* Task objective: Output, without alteration, the first line of the entries and each line after it, stopping with the line that contains "using w by (auto simp: nth_append)".

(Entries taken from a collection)
+++

lemma gp_reduced_iff:
  "gp_reduced E w \<longleftrightarrow>
     (\<forall>a x b y c. w = a @ x # b @ y # c \<and> fst x = fst y \<longrightarrow> (\<exists>z \<in> set b. (fst x, fst z) \<notin> E))"
proof
  assume red: "gp_reduced E w"
  show "\<forall>a x b y c. w = a @ x # b @ y # c \<and> fst x = fst y \<longrightarrow> (\<exists>z \<in> set b. (fst x, fst z) \<notin> E)"
  proof (intro allI impI)
    fix a x b y c
    assume w: "w = a @ x # b @ y # c \<and> fst x = fst y"
    let ?i = "length a" and ?j = "length a + Suc (length b)"
    have "w ! ?i = x" "w ! ?j = y" "?j < length w"
      using w by (auto simp: nth_append)
    then obtain k where k: "?i < k" "k < ?j" "(fst x, fst (w ! k)) \<notin> E"
      using red[unfolded gp_reduced_def, rule_format, of ?i ?j] w by auto
    then have "w ! k \<in> set b"
      using w by (auto simp: nth_append nth_Cons' intro!: nth_mem)
    with k show "\<exists>z \<in> set b. (fst x, fst z) \<notin> E" by blast
  qed
next
  assume red: "\<forall>a x b y c. w = a @ x # b @ y # c \<and> fst x = fst y \<longrightarrow> (\<exists>z \<in> set b. (fst x, fst z) \<notin> E)"
  show "gp_reduced E w"
    unfolding gp_reduced_def
  proof (intro allI impI)
    fix i j
    assume ij: "i < j \<and> j < length w \<and> fst (w ! i) = fst (w ! j)"
    then obtain z where z: "z \<in> set (drop (Suc i) (take j w))" "(fst (w ! i), fst z) \<notin> E"
      using red split_at_two_nth[of i j w] by metis
    then obtain t where "t < j - Suc i" "z = w ! (Suc i + t)"
      using ij by (auto simp: in_set_conv_nth)
    with z(2) show "\<exists>k. i < k \<and> k < j \<and> (fst (w ! i), fst (w ! k)) \<notin> E"
      by (intro exI[of _ "Suc i + t"]) auto
  qed
qed

lemma gp_reduced_same_fst:
  assumes "gp_reduced E w" "length w = length w'" "\<And>k. k < length w \<Longrightarrow> fst (w ! k) = fst (w' ! k)"
  shows "gp_reduced E w'"
  unfolding gp_reduced_def
proof (intro allI impI)
  fix i j
  assume ij: "i < j \<and> j < length w' \<and> fst (w' ! i) = fst (w' ! j)"
  then have "i < j \<and> j < length w \<and> fst (w ! i) = fst (w ! j)"
    using assms(2,3) by auto
  then obtain k where k: "i < k" "k < j" "(fst (w ! i), fst (w ! k)) \<notin> E"
    using assms(1) unfolding gp_reduced_def by blast
  then have "(fst (w' ! i), fst (w' ! k)) \<notin> E"
    using ij assms(2,3) by auto
  with k show "\<exists>k. i < k \<and> k < j \<and> (fst (w' ! i), fst (w' ! k)) \<notin> E" by blast
qed

lemma gp_reduced_replace:
  "gp_reduced E (w1 @ (u, l) # w2) \<Longrightarrow> gp_reduced E (w1 @ (u, q) # w2)"
  by (rule gp_reduced_same_fst) (auto simp: nth_append nth_Cons')

definition has_final_letter :: "'v \<Rightarrow> ('v \<times> 'a) list \<Rightarrow> bool" where
  "has_final_letter u w \<longleftrightarrow> (\<exists>w1 l w2. w = w1 @ (u, l) # w2 \<and> (\<forall>y \<in> set w2. (u, fst y) \<in> E))"

lemma has_final_letterE:
  assumes "has_final_letter u w"
  obtains w1 l w2 where "w = w1 @ (u, l) # w2" "\<forall>y \<in> set w2. (u, fst y) \<in> E"
  using assms unfolding has_final_letter_def by blast

lemma has_final_letter_snoc: "has_final_letter u (w @ [(u, l)])"
  unfolding has_final_letter_def by (intro exI[of _ w] exI[of _ l] exI[of _ "[]"]) simp

lemma gp_reduced_snoc_iff:
  "gp_reduced E (w @ [x]) \<longleftrightarrow> gp_reduced E w \<and> \<not> has_final_letter (fst x) w"
proof
  assume red: "gp_reduced E (w @ [x])"
  have "gp_reduced E w"
    unfolding gp_reduced_iff
  proof (intro allI impI)
    fix a x' b y c
    assume "w = a @ x' # b @ y # c \<and> fst x' = fst y"
    then show "\<exists>z \<in> set b. (fst x', fst z) \<notin> E"
      using red[unfolded gp_reduced_iff, rule_format, of a x' b y "c @ [x]"] by simp
  qed
  moreover have "\<not> has_final_letter (fst x) w"
  proof
    assume "has_final_letter (fst x) w"
    then obtain w1 l w2 where w: "w = w1 @ (fst x, l) # w2" "\<forall>y \<in> set w2. (fst x, fst y) \<in> E"
      by (rule has_final_letterE)
    then show False
      using red[unfolded gp_reduced_iff, rule_format, of w1 "(fst x, l)" w2 x "[]"] by auto
  qed
  ultimately show "gp_reduced E w \<and> \<not> has_final_letter (fst x) w" ..
next
  assume "gp_reduced E w \<and> \<not> has_final_letter (fst x) w"
  then have red: "gp_reduced E w" and nf: "\<not> has_final_letter (fst x) w" by auto
  show "gp_reduced E (w @ [x])"
    unfolding gp_reduced_iff
  proof (intro allI impI)
    fix a x' b y c
    assume wx: "w @ [x] = a @ x' # b @ y # c \<and> fst x' = fst y"
    show "\<exists>z \<in> set b. (fst x', fst z) \<notin> E"
    proof (cases c rule: rev_cases)
      case Nil
      with wx have "fst x' = fst x" by simp
      with wx Nil have w: "w = a @ (fst x, snd x') # b" by (cases x') simp
      show ?thesis
      proof (rule ccontr)
        assume "\<not> ?thesis"
        with \<open>fst x' = fst x\<close> have "\<forall>z \<in> set b. (fst x, fst z) \<in> E" by auto
        with w have "has_final_letter (fst x) w" unfolding has_final_letter_def by blast
        with nf show False ..
      qed
    next
      case (snoc c' z)
      with wx have "w = a @ x' # b @ y # c'" by simp
      with wx show ?thesis using red[unfolded gp_reduced_iff, rule_format, of a x' b y c'] by simp
    qed
  qed
qed

lemma gp_reduced_delete:
  assumes red: "gp_reduced E (w1 @ (u, l) # w2)" and adj: "\<forall>y \<in> set w2. (u, fst y) \<in> E"
  shows "gp_reduced E (w1 @ w2)"
  unfolding gp_reduced_iff
proof (intro allI impI)
  fix a x b y c
  assume w: "w1 @ w2 = a @ x # b @ y # c \<and> fst x = fst y"
  have witness: "\<exists>z \<in> set b'. (fst x, fst z) \<notin> E" if "w1 @ (u, l) # w2 = a' @ x # b' @ y # c'" for a' b' c'
    using red w that unfolding gp_reduced_iff by blast
  consider (before) a' where "w1 @ (u, l) # w2 = a' @ x # b @ y # c"
    | (between) b' where "w1 @ (u, l) # w2 = a @ x # b' @ y # c" "set b' = insert (u, l) (set b)"
        "y \<in> set w2"
    | (after) c' where "w1 @ (u, l) # w2 = a @ x # b @ y # c'"
    using split_two_insert[of w1 w2 a x b y c "(u, l)"] w by blast
  then show "\<exists>z \<in> set b. (fst x, fst z) \<notin> E"
  proof cases
    case between
    \<comment> \<open>the deleted letter is no witness: it commutes with y, which lies at the same vertex as x\<close>
    have "(fst x, u) \<in> E"
      using adj w between(3) edge_sym by auto
    then show ?thesis
      using witness[OF between(1)] between(2) by auto
  qed (use witness in blast)+
qed

lemma not_has_final_letter_delete:
  assumes red: "gp_reduced E (w1 @ (u, l) # w2)" and adj: "\<forall>y \<in> set w2. (u, fst y) \<in> E"
  shows "\<not> has_final_letter u (w1 @ w2)"
proof
  assume "has_final_letter u (w1 @ w2)"
  then obtain w1' l' w2' where w: "w1 @ w2 = w1' @ (u, l') # w2'" and adj': "\<forall>y \<in> set w2'. (u, fst y) \<in> E"
    by (rule has_final_letterE)
  from w show False
    unfolding append_eq_append_conv2
  proof (elim exE disjE conjE)
    fix us assume A: "w1 = w1' @ us" "us @ w2 = (u, l') # w2'"
    show False
    proof (cases us)
      case Nil
      then show False using A adj irrefl_E by (cases w2) auto
    next
      case (Cons z us')
      then have "w1 @ (u, l) # w2 = w1' @ (u, l') # us' @ (u, l) # w2" "set us' \<subseteq> set w2'"
        using A by auto
      then show False
        using red[unfolded gp_reduced_iff, rule_format, of w1' "(u, l')" us' "(u, l)" w2] adj' by auto
    qed
  next
    fix us assume "w1 @ us = w1'" "w2 = us @ (u, l') # w2'"
    then show False using adj irrefl_E by auto
  qed
qed

lemma gp_conv_shorter_if_not_reduced:
  assumes "w \<in> lists X" "\<not> gp_reduced E w"
  obtains w' where "gp_conv w w'" "w' \<in> lists X" "length w' < length w"
proof -
  obtain a x b y c where w: "w = a @ x # b @ y # c" "fst x = fst y" "\<forall>z \<in> set b. (fst x, fst z) \<in> E"
    using assms(2) unfolding gp_reduced_iff by blast
  obtain v m n where x: "x = (v, m)" and y: "y = (v, n)"
    using w(2) by (metis prod.collapse)
  have in_X: "a \<in> lists X" "x \<in> X" "b \<in> lists X" "y \<in> X" "c \<in> lists X"
    using assms(1) w by auto
  define r where "r = (if m \<otimes>\<^bsub>Mv v\<^esub> n = \<one>\<^bsub>Mv v\<^esub> then [] else [(v, m \<otimes>\<^bsub>Mv v\<^esub> n)])"
  have "gp_conv ((a @ [x]) @ b @ y # c) ((a @ [x]) @ y # b @ c)"
    by (rule gp_conv_move_left) (use in_X w(3) x y edge_sym in auto)
  moreover have step: "gp_step Mv E (a @ [(v, m), (v, n)] @ (b @ c)) (a @ r @ (b @ c))"
    unfolding r_def by (rule gp_step.mult) (use in_X x y in auto)
  then have "gp_conv ((a @ [x]) @ y # b @ c) (a @ r @ b @ c)"
    using x y by (simp add: gp_conv_if_gp_step)
  ultimately have "gp_conv w (a @ r @ b @ c)"
    using w(1) by (metis (no_types, lifting) append.assoc append_Cons append_Nil rtranclp_trans)
  moreover have "a @ r @ b @ c \<in> lists X"
    using gp_step_in_lists[OF step] by simp
  moreover have "length (a @ r @ b @ c) < length w"
    using w(1) by (auto simp: r_def)
  ultimately show ?thesis using that by blast
qed

lemma gp_reduced_if_shortest:
  assumes "w \<in> lists X" "\<And>w'. gp_conv w w' \<Longrightarrow> w' \<in> lists X \<Longrightarrow> length w \<le> length w'"
  shows "gp_reduced E w"
  using gp_conv_shorter_if_not_reduced assms by (metis not_less)

subsection \<open>Projections onto non-adjacent pairs of vertices\<close>

definition proj :: "('v \<times> 'a) list \<Rightarrow> 'v \<times> 'v \<Rightarrow> ('v \<times> 'a) list" where
  "proj w p = (if p \<in> E then [] else filter (\<lambda>y. fst y = fst p \<or> fst y = snd p) w)"

definition ends_in :: "('v \<times> 'v \<Rightarrow> ('v \<times> 'a) list) \<Rightarrow> 'v \<Rightarrow> bool" where
  "ends_in P u \<longleftrightarrow> (\<forall>u'. (u, u') \<notin> E \<longrightarrow> P (u, u') \<noteq> [] \<and> fst (last (P (u, u'))) = u)"

lemma proj_Nil [simp]: "proj [] p = []"
  by (simp add: proj_def)

lemma proj_Cons [simp]:
  "proj (x # w) p = (if p \<notin> E \<and> (fst x = fst p \<or> fst x = snd p) then x # proj w p else proj w p)"
  by (simp add: proj_def)
(* Let $T$ be a tree of order $n$ and diameter $d$ with maximum Wiener index. Let $x$ be a special vertex of $T$ and let $T_1,T_2$ be components of $T-x$ such that each of them contains exactly one broom vertex of $T$ and $d(y,y')<d$ for all leaves $y\in V(T_1)$, $y'\in V(T_2)$. Let $y_1\in V(T_1)$ and $y_2\in V(T_2)$ be leaves of $T$, let $y_1'$ be the broom vertex adjacent to $y_1$, let $p=d(x,y_1)=d(x,y_2)$, and for $i\in\{1,2\}$ let $t_i$ be the number of leaves of $T$ contained in $T_i$. Let $T'=T_2\xrightarrow{T} y_1'$. Let $A=V(T_1)\cup\{x\}$ and $B=V(T)\setminus(A\cup V(T_2))$. Then $$W(T')-W(T)=(p+t_2-1)(p+t_2-2)-\frac{p(p-1)}{6}(3t_2+p-2)-t_2(t_2-1)+|A\cup B|\Big(p+t_2-1-\frac p2(p-1+2t_2)\Big)+(p+t_2-1)(p-1)(|B|-t_1).$$
   Context: All graphs are finite and simple; $d(u,v)$ denotes distance and $W(G)=\sum_{\{u,v\}\subseteq V(G)} d(u,v)$ is the Wiener index. A tree $T$ of order $n$ and diameter $d$ has maximum Wiener index if $W(T')\leq W(T)$ for every tree $T'$ of order $n$ and diameter $d$. A leaf is a vertex of degree $1$; a broom vertex of $T$ is a vertex adjacent to a leaf of $T$. A vertex $x$ of a tree $T$ of diameter $d$ is special if $\deg(x)\geq 3$ and there exist components $T_1,T_2$ of $T-x$ such that each contains exactly one broom vertex of $T$ and $d(y,y')<d$ for all leaves $y\in V(T_1)$, $y'\in V(T_2)$ (for a tree of maximum Wiener index one then has $d(x,y)=d(x,y')$ for such leaves). For such $x,T_1,T_2$ and the broom vertex $y_1'$ of $T_1$, the tree $T_2\xrightarrow{T} y_1'$ ("relocating a broom") is obtained from $T$ by deleting all vertices of $T_2$ and attaching $|V(T_2)|$ new leaves to $y_1'$. *)

theory Defs
  imports Complex_Main
begin

definition sgraph :: "'a set \<Rightarrow> ('a \<Rightarrow> 'a \<Rightarrow> bool) \<Rightarrow> bool" where
  "sgraph V E \<longleftrightarrow> finite V \<and> (\<forall>u v. E u v \<longrightarrow> u \<in> V \<and> v \<in> V)
     \<and> (\<forall>u v. E u v \<longrightarrow> E v u) \<and> (\<forall>u. \<not> E u u)"

fun is_walk :: "('a \<Rightarrow> 'a \<Rightarrow> bool) \<Rightarrow> 'a list \<Rightarrow> bool" where
  "is_walk E [] = False"
| "is_walk E [v] = True"
| "is_walk E (u # v # vs) = (E u v \<and> is_walk E (v # vs))"

definition walk_in :: "'a set \<Rightarrow> ('a \<Rightarrow> 'a \<Rightarrow> bool) \<Rightarrow> 'a list \<Rightarrow> bool" where
  "walk_in S E xs \<longleftrightarrow> is_walk E xs \<and> set xs \<subseteq> S"

definition reachable_in :: "'a set \<Rightarrow> ('a \<Rightarrow> 'a \<Rightarrow> bool) \<Rightarrow> 'a \<Rightarrow> 'a \<Rightarrow> bool" where
  "reachable_in S E u v \<longleftrightarrow> (\<exists>xs. walk_in S E xs \<and> hd xs = u \<and> last xs = v)"

definition connected_graph :: "'a set \<Rightarrow> ('a \<Rightarrow> 'a \<Rightarrow> bool) \<Rightarrow> bool" where
  "connected_graph V E \<longleftrightarrow> (\<forall>u\<in>V. \<forall>v\<in>V. reachable_in V E u v)"

definition is_cycle :: "('a \<Rightarrow> 'a \<Rightarrow> bool) \<Rightarrow> 'a list \<Rightarrow> bool" where
  "is_cycle E vs \<longleftrightarrow> length vs \<ge> 3 \<and> distinct vs \<and> is_walk E vs \<and> E (last vs) (hd vs)"

definition is_tree :: "'a set \<Rightarrow> ('a \<Rightarrow> 'a \<Rightarrow> bool) \<Rightarrow> bool" where
  "is_tree V E \<longleftrightarrow> sgraph V E \<and> V \<noteq> {} \<and> connected_graph V E
     \<and> \<not> (\<exists>vs. set vs \<subseteq> V \<and> is_cycle E vs)"

definition dist :: "'a set \<Rightarrow> ('a \<Rightarrow> 'a \<Rightarrow> bool) \<Rightarrow> 'a \<Rightarrow> 'a \<Rightarrow> nat" where
  "dist V E u v = (LEAST n. \<exists>xs. walk_in V E xs \<and> hd xs = u \<and> last xs = v \<and> length xs = Suc n)"

definition diameter :: "'a set \<Rightarrow> ('a \<Rightarrow> 'a \<Rightarrow> bool) \<Rightarrow> nat" where
  "diameter V E = Max {dist V E u v | u v. u \<in> V \<and> v \<in> V}"

text \<open>Wiener index: sum of distances over unordered pairs = half the sum over ordered pairs.\<close>
definition wiener :: "'a set \<Rightarrow> ('a \<Rightarrow> 'a \<Rightarrow> bool) \<Rightarrow> real" where
  "wiener V E = (\<Sum>u\<in>V. \<Sum>v\<in>V. real (dist V E u v)) / 2"

definition degree :: "'a set \<Rightarrow> ('a \<Rightarrow> 'a \<Rightarrow> bool) \<Rightarrow> 'a \<Rightarrow> nat" where
  "degree V E v = card {u \<in> V. E v u}"

definition leaf :: "'a set \<Rightarrow> ('a \<Rightarrow> 'a \<Rightarrow> bool) \<Rightarrow> 'a \<Rightarrow> bool" where
  "leaf V E v \<longleftrightarrow> v \<in> V \<and> degree V E v = 1"

definition broom_vertex :: "'a set \<Rightarrow> ('a \<Rightarrow> 'a \<Rightarrow> bool) \<Rightarrow> 'a \<Rightarrow> bool" where
  "broom_vertex V E v \<longleftrightarrow> v \<in> V \<and> (\<exists>u. leaf V E u \<and> E v u)"

text \<open>Maximum Wiener index among trees of the same order and diameter
  (trees on the same vertex type; any tree of order |V| has a copy there).\<close>
definition max_wiener :: "'a set \<Rightarrow> ('a \<Rightarrow> 'a \<Rightarrow> bool) \<Rightarrow> bool" where
  "max_wiener V E \<longleftrightarrow> is_tree V E \<and>
     (\<forall>(V'::'a set) E'. is_tree V' E' \<and> card V' = card V \<and> diameter V' E' = diameter V E
        \<longrightarrow> wiener V' E' \<le> wiener V E)"

definition component_minus :: "'a set \<Rightarrow> ('a \<Rightarrow> 'a \<Rightarrow> bool) \<Rightarrow> 'a \<Rightarrow> 'a set \<Rightarrow> bool" where
  "component_minus V E x C \<longleftrightarrow>
     (\<exists>c \<in> V - {x}. C = {v. reachable_in (V - {x}) E c v})"

definition special_pair :: "'a set \<Rightarrow> ('a \<Rightarrow> 'a \<Rightarrow> bool) \<Rightarrow> 'a \<Rightarrow> 'a set \<Rightarrow> 'a set \<Rightarrow> bool" where
  "special_pair V E x T1 T2 \<longleftrightarrow>
     component_minus V E x T1 \<and> component_minus V E x T2 \<and> T1 \<noteq> T2 \<and>
     card {v \<in> T1. broom_vertex V E v} = 1 \<and> card {v \<in> T2. broom_vertex V E v} = 1 \<and>
     (\<forall>y\<in>T1. \<forall>y'\<in>T2. leaf V E y \<and> leaf V E y' \<longrightarrow> dist V E y y' < diameter V E)"

definition special :: "'a set \<Rightarrow> ('a \<Rightarrow> 'a \<Rightarrow> bool) \<Rightarrow> 'a \<Rightarrow> bool" where
  "special V E x \<longleftrightarrow> x \<in> V \<and> degree V E x \<ge> 3 \<and> (\<exists>T1 T2. special_pair V E x T1 T2)"

text \<open>(V',E') is the tree obtained from (V,E) by deleting the vertices of T2 and attaching
  |T2| new leaves to y.\<close>
definition relocate :: "'a set \<Rightarrow> ('a \<Rightarrow> 'a \<Rightarrow> bool) \<Rightarrow> 'a set \<Rightarrow> 'a
     \<Rightarrow> 'a set \<Rightarrow> ('a \<Rightarrow> 'a \<Rightarrow> bool) \<Rightarrow> bool" where
  "relocate V E T2 y V' E' \<longleftrightarrow>
     (\<exists>N. finite N \<and> N \<inter> V = {} \<and> card N = card T2 \<and> V' = (V - T2) \<union> N \<and>
        (\<forall>u v. E' u v \<longleftrightarrow> (E u v \<and> u \<in> V - T2 \<and> v \<in> V - T2)
                         \<or> (u = y \<and> v \<in> N) \<or> (v = y \<and> u \<in> N)))"

end

theory Submission
  imports Defs
begin

text \<open>A component of T - x containing exactly one broom vertex is a broom: a path leaving x
  followed by a bunch of leaves at its end. All distances involving such a component are
  explicit, so W(T') - W(T) becomes a polynomial in p, t1, t2 and the sizes of A and B once the
  two brooms at x are known to have the same length p - 1. That they do is where maximality
  enters: if the spine of T1 were shorter, re-hanging T1 from x to the neighbour of x in a small
  third component (which exists since deg x \<ge> 3) would keep the diameter, because T1 is far
  from every diametral pair, and would increase the Wiener index.\<close>

lemma is_walk_nonempty: "is_walk E xs \<Longrightarrow> xs \<noteq> []"
  by (cases xs) auto

lemma is_walk_Cons: "is_walk E (u # xs) \<longleftrightarrow> (xs = [] \<or> (E u (hd xs) \<and> is_walk E xs))"
  by (cases xs) auto

lemma is_walk_append:
  "is_walk E xs \<Longrightarrow> is_walk E ys \<Longrightarrow> E (last xs) (hd ys) \<Longrightarrow> is_walk E (xs @ ys)"
proof (induction xs)
  case Nil then show ?case by simp
next
  case (Cons a xs) then show ?case
    by (cases xs) (auto simp: is_walk_Cons is_walk_nonempty)
qed

lemma is_walk_append_shared:
  "is_walk E xs \<Longrightarrow> is_walk E ys \<Longrightarrow> last xs = hd ys \<Longrightarrow> is_walk E (xs @ tl ys)"
proof (induction xs)
  case Nil then show ?case by simp
next
  case (Cons a xs)
  show ?case
  proof (cases xs)
    case Nil
    then show ?thesis using Cons.prems by (cases ys) (auto simp: is_walk_Cons)
  next
    case (Cons b zs)
    then show ?thesis using Cons.prems Cons.IH by (auto simp: is_walk_Cons)
  qed
qed

lemma is_walk_appendD1: "is_walk E (xs @ ys) \<Longrightarrow> xs \<noteq> [] \<Longrightarrow> is_walk E xs"
proof (induction xs)
  case Nil then show ?case by simp
next
  case (Cons a xs) then show ?case by (cases xs) (auto simp: is_walk_Cons)
qed

lemma is_walk_appendD2: "is_walk E (xs @ ys) \<Longrightarrow> ys \<noteq> [] \<Longrightarrow> is_walk E ys"
proof (induction xs)
  case Nil then show ?case by simp
next
  case (Cons a xs) then show ?case by (cases "xs @ ys") (auto simp: is_walk_Cons)
qed

lemma is_walk_rev:
  assumes "\<And>a b. E a b \<Longrightarrow> E b a"
  shows "is_walk E xs \<Longrightarrow> is_walk E (rev xs)"
proof (induction xs)
  case Nil then show ?case by simp
next
  case (Cons u xs)
  show ?case
  proof (cases xs)
    case Nil then show ?thesis by simp
  next
    case (Cons v vs)
    then have "is_walk E (rev xs)" using Cons.IH Cons.prems by simp
    moreover have "E (last (rev xs)) u" using Cons.prems assms \<open>xs = v # vs\<close> by simp
    ultimately show ?thesis using is_walk_append[of E "rev xs" "[u]"] by simp
  qed
qed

+++

* Written answer:
lemma gp_reduced_iff:
  "gp_reduced E w \<longleftrightarrow>
     (\<forall>a x b y c. w = a @ x # b @ y # c \<and> fst x = fst y \<longrightarrow> (\<exists>z \<in> set b. (fst x, fst z) \<notin> E))"
proof
  assume red: "gp_reduced E w"
  show "\<forall>a x b y c. w = a @ x # b @ y # c \<and> fst x = fst y \<longrightarrow> (\<exists>z \<in> set b. (fst x, fst z) \<notin> E)"
  proof (intro allI impI)
    fix a x b y c
    assume w: "w = a @ x # b @ y # c \<and> fst x = fst y"
    let ?i = "length a" and ?j = "length a + Suc (length b)"
    have "w ! ?i = x" "w ! ?j = y" "?j < length w"
      using w by (auto simp: nth_append)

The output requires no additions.